Accordingly, it seems quite possible that a rise in oxidation by-products of vitamin C, such as would arise from the employment of ascorbic acid mixture as the pharmacological preparation used to ingest the vitamin C, may have signaled our ancestors for millennia that a serious attack on the vital integrity of the body was in force, and that an immune activation was the appropriate adaptive response.
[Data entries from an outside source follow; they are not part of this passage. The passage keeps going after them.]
(* Let $P=\{S_1,\ldots,S_n\}$ be a homothetic packing of $n\ge 6$ squares whose radii satisfy the weak generic condition. Suppose that $(n_1,\ldots,n_k)$ is a cycle in the graph $([n],E_x)$ such that, setting $n_0=n_k$ and $n_{k+1}=n_1$, for every $i\in[k]$ neither $x_{n_{i-1}}<x_{n_i}<x_{n_{i+1}}$ nor $x_{n_{i+1}}<x_{n_i}<x_{n_{i-1}}$ holds. Then $k=4$ and the squares $S_{n_1},S_{n_2},S_{n_3},S_{n_4}$ share a corner.
   Context: Let $S=\{(x,y): -1\le x,y\le 1\}$. A homothetic packing of $n$ squares is a set $P=\{S_1,\ldots,S_n\}$ with $S_i=r_iS+p_i$, $r_i>0$ (radii), $p_i=(x_i,y_i)\in\mathbb{R}^2$ (centres), such that distinct squares have disjoint interiors. Its contact graph is $G=([n],E)$ where $\{i,j\}\in E$ iff $i\ne j$ and $S_i\cap S_j\ne\emptyset$; $E_x$ is the set of pairs $\{i,j\}\in E$ with $r_i+r_j=|x_i-x_j|\ge|y_i-y_j|$. The radii satisfy the weak generic condition if the only function $\sigma:[n]\to\{-1,0,1\}$ with at least $4$ zeroes and $\sum_{i=1}^n\sigma_ir_i=0$ is the zero function. Four squares share a corner if they have a common point which is a corner of each of them. *)

theory Defs
  imports "HOL-Analysis.Analysis"
begin

text \<open>Squares are indexed by [n] = {1..n}. Square i has radius r i and centre (x i, y i).
  S = [-1,1]^2, so S_i = r_i S + p_i.\<close>

definition sq :: "(nat \<Rightarrow> real) \<Rightarrow> (nat \<Rightarrow> real) \<Rightarrow> (nat \<Rightarrow> real) \<Rightarrow> nat \<Rightarrow> (real \<times> real) set" where
  "sq r x y i = {p. \<bar>fst p - x i\<bar> \<le> r i \<and> \<bar>snd p - y i\<bar> \<le> r i}"

definition homothetic_packing :: "nat \<Rightarrow> (nat \<Rightarrow> real) \<Rightarrow> (nat \<Rightarrow> real) \<Rightarrow> (nat \<Rightarrow> real) \<Rightarrow> bool" where
  "homothetic_packing n r x y \<longleftrightarrow>
     (\<forall>i\<in>{1..n}. r i > 0) \<and>
     (\<forall>i\<in>{1..n}. \<forall>j\<in>{1..n}. i \<noteq> j \<longrightarrow>
        interior (sq r x y i) \<inter> interior (sq r x y j) = {})"

definition contact_edge :: "nat \<Rightarrow> (nat \<Rightarrow> real) \<Rightarrow> (nat \<Rightarrow> real) \<Rightarrow> (nat \<Rightarrow> real) \<Rightarrow> nat \<Rightarrow> nat \<Rightarrow> bool" where
  "contact_edge n r x y i j \<longleftrightarrow> i \<in> {1..n} \<and> j \<in> {1..n} \<and> i \<noteq> j \<and>
     sq r x y i \<inter> sq r x y j \<noteq> {}"

definition x_edge :: "nat \<Rightarrow> (nat \<Rightarrow> real) \<Rightarrow> (nat \<Rightarrow> real) \<Rightarrow> (nat \<Rightarrow> real) \<Rightarrow> nat \<Rightarrow> nat \<Rightarrow> bool" where
  "x_edge n r x y i j \<longleftrightarrow> contact_edge n r x y i j \<and>
     r i + r j = \<bar>x i - x j\<bar> \<and> \<bar>x i - x j\<bar> \<ge> \<bar>y i - y j\<bar>"

definition weak_generic :: "nat \<Rightarrow> (nat \<Rightarrow> real) \<Rightarrow> bool" where
  "weak_generic n r \<longleftrightarrow>
     (\<forall>\<sigma> :: nat \<Rightarrow> int.
        (\<forall>i\<in>{1..n}. \<sigma> i \<in> {-1, 0, 1}) \<and>
        card {i\<in>{1..n}. \<sigma> i = 0} \<ge> 4 \<and>
        (\<Sum>i=1..n. of_int (\<sigma> i) * r i) = 0
        \<longrightarrow> (\<forall>i\<in>{1..n}. \<sigma> i = 0))"

text \<open>A cycle (n_1,...,n_k), stored 0-indexed as a list c with c!0 = n_1, in the graph with
  vertex set {1..n} and symmetric edge relation adj: k \<ge> 3 distinct vertices, consecutive ones
  (cyclically) adjacent.\<close>
definition is_cycle :: "nat \<Rightarrow> (nat \<Rightarrow> nat \<Rightarrow> bool) \<Rightarrow> nat list \<Rightarrow> bool" where
  "is_cycle n adj c \<longleftrightarrow> length c \<ge> 3 \<and> distinct c \<and> set c \<subseteq> {1..n} \<and>
     (\<forall>i < length c. adj (c ! i) (c ! ((i + 1) mod length c)))"

definition is_corner :: "(nat \<Rightarrow> real) \<Rightarrow> (nat \<Rightarrow> real) \<Rightarrow> (nat \<Rightarrow> real) \<Rightarrow> nat \<Rightarrow> real \<times> real \<Rightarrow> bool" where
  "is_corner r x y i p \<longleftrightarrow>
     (\<exists>s\<in>{-1, 1::real}. \<exists>t\<in>{-1, 1::real}. p = (x i + s * r i, y i + t * r i))"

definition share_corner :: "(nat \<Rightarrow> real) \<Rightarrow> (nat \<Rightarrow> real) \<Rightarrow> (nat \<Rightarrow> real) \<Rightarrow> nat set \<Rightarrow> bool" where
  "share_corner r x y A \<longleftrightarrow> (\<exists>p. \<forall>i\<in>A. is_corner r x y i p)"

end

theory Submission
  imports Defs
begin

text \<open>
  Along an x-cycle consecutive squares touch along vertical sides, and since the centres never
  move monotonically through three consecutive squares, the horizontal direction alternates.
  Hence every square of the cycle touches one vertical line x = L, alternately from the left and
  from the right, and the cycle has even length. Squares touching the line from the same side
  have disjoint interiors, so their y-intervals are separated.

  Let square 3 of the cycle have the lowest top u. Its neighbours 2 and 4 lie on the other side
  and are separated, say 2 below 4; then the top of 2 and the bottom of 4 are both at height u,
  and so is the bottom of square 1, which meets 2 but is separated from 3. Thus squares 1, 2, 3, 4
  share the corner (L, u). In a longer cycle, square 0 must sit on top of square 4 while meeting
  square 1, and square 5 on top of 1 while meeting 4, which forces r 1 = r 4 and contradicts
  the weak generic condition.
\<close>

lemma packing_aligned_edges_separated:
  assumes packing: "homothetic_packing n r x y"
    and i: "i \<in> {1..n}" and j: "j \<in> {1..n}" and "i \<noteq> j"
    and t: "t = 1 \<or> t = -1" and aligned: "x i + t * r i = x j + t * r j"
  shows "\<bar>y i - y j\<bar> \<ge> r i + r j"
proof (rule ccontr)
  assume "\<not> ?thesis"
  then have overlap: "\<bar>y i - y j\<bar> < r i + r j" by simp
  have pos: "r i > 0" "r j > 0" using packing i j unfolding homothetic_packing_def by auto
  have disjoint: "interior (sq r x y i) \<inter> interior (sq r x y j) = {}"
    using packing i j \<open>i \<noteq> j\<close> unfolding homothetic_packing_def by auto
  have open_box: "{p. \<bar>fst p - x l\<bar> < r l \<and> \<bar>snd p - y l\<bar> < r l} \<subseteq> interior (sq r x y l)" for l
  proof (rule interior_maximal)
    show "{p. \<bar>fst p - x l\<bar> < r l \<and> \<bar>snd p - y l\<bar> < r l} \<subseteq> sq r x y l"
      unfolding sq_def by auto
  qed (intro open_Collect_conj open_Collect_less continuous_intros)
  define e where "e = min (r i) (r j) / 2"
  define h where "h = (max (y i - r i) (y j - r j) + min (y i + r i) (y j + r j)) / 2"
  have "\<bar>h - y i\<bar> < r i" "\<bar>h - y j\<bar> < r j"
    using overlap pos unfolding h_def max_def min_def abs_less_iff by (auto simp: field_simps)
  moreover have "\<bar>x i + t * (r i - e) - x i\<bar> < r i" "\<bar>x i + t * (r i - e) - x j\<bar> < r j"
    using pos t aligned unfolding e_def by (auto simp: algebra_simps)
  ultimately have "(x i + t * (r i - e), h) \<in> interior (sq r x y i) \<inter> interior (sq r x y j)"
    using open_box[of i] open_box[of j] by auto
  with disjoint show False by auto
qed

lemma weak_generic_radii_distinct:
  assumes generic: "weak_generic n r" and "n \<ge> 6"
    and p: "p \<in> {1..n}" and q: "q \<in> {1..n}" and "p \<noteq> q"
  shows "r p \<noteq> r q"
proof
  assume eq: "r p = r q"
  define \<sigma> :: "nat \<Rightarrow> int" where "\<sigma> i = (if i = p then 1 else if i = q then -1 else 0)" for i
  have "\<forall>i\<in>{1..n}. \<sigma> i \<in> {-1, 0, 1}" unfolding \<sigma>_def by auto
  moreover have "{i\<in>{1..n}. \<sigma> i = 0} = {1..n} - {p, q}" unfolding \<sigma>_def by auto
  then have "card {i\<in>{1..n}. \<sigma> i = 0} \<ge> 4"
    using p q \<open>p \<noteq> q\<close> \<open>n \<ge> 6\<close> by (simp add: card_Diff_subset)
  moreover have "(\<Sum>i=1..n. of_int (\<sigma> i) * r i) =
      (\<Sum>i=1..n. (if i = p then r i else 0) - (if i = q then r i else 0))"
    by (rule sum.cong) (auto simp: \<sigma>_def \<open>p \<noteq> q\<close>)
  then have "(\<Sum>i=1..n. of_int (\<sigma> i) * r i) = 0" using p q eq by (simp add: sum_subtractf)
  ultimately have "\<forall>i\<in>{1..n}. \<sigma> i = 0" using generic unfolding weak_generic_def by blast
  then show False using p unfolding \<sigma>_def by (metis one_neq_zero)
qed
Pauling, himself, seems to have suspected this hypothesis as representing an integrating theory. Constance Tsao, a researcher at the Pauling Institute, carried out a substantiating experiment under Pauling’s guidance. Four groups of identical mice were given human breast cancer. The diet of each group was different in that one group was given standard food, a second group was given large amounts of vitamin C in food, a third group was given large amounts of vitamin C in drinking water, and the fourth group received food with vitamin C and copper salts, copper salts being known to markedly accelerate the oxidation of vitamin C. The result: only the aqueous vitamin C was of significant benefit, and the mice receiving copper salt vitamin C lived longer than the rats receiving vitamin C in food, who were not benefitted at all.
In summary, the reports by Cameron may well have been valid, in spite of Moertel’s claims to the contrary. The key to the discrepency lies in the methodology.
But the interpretation of the study’s results may have been wrong. Cameron’s patients may well have benefitted more from the immune stimulating properties of ascorbate breakdown products than from the vitamin C itself.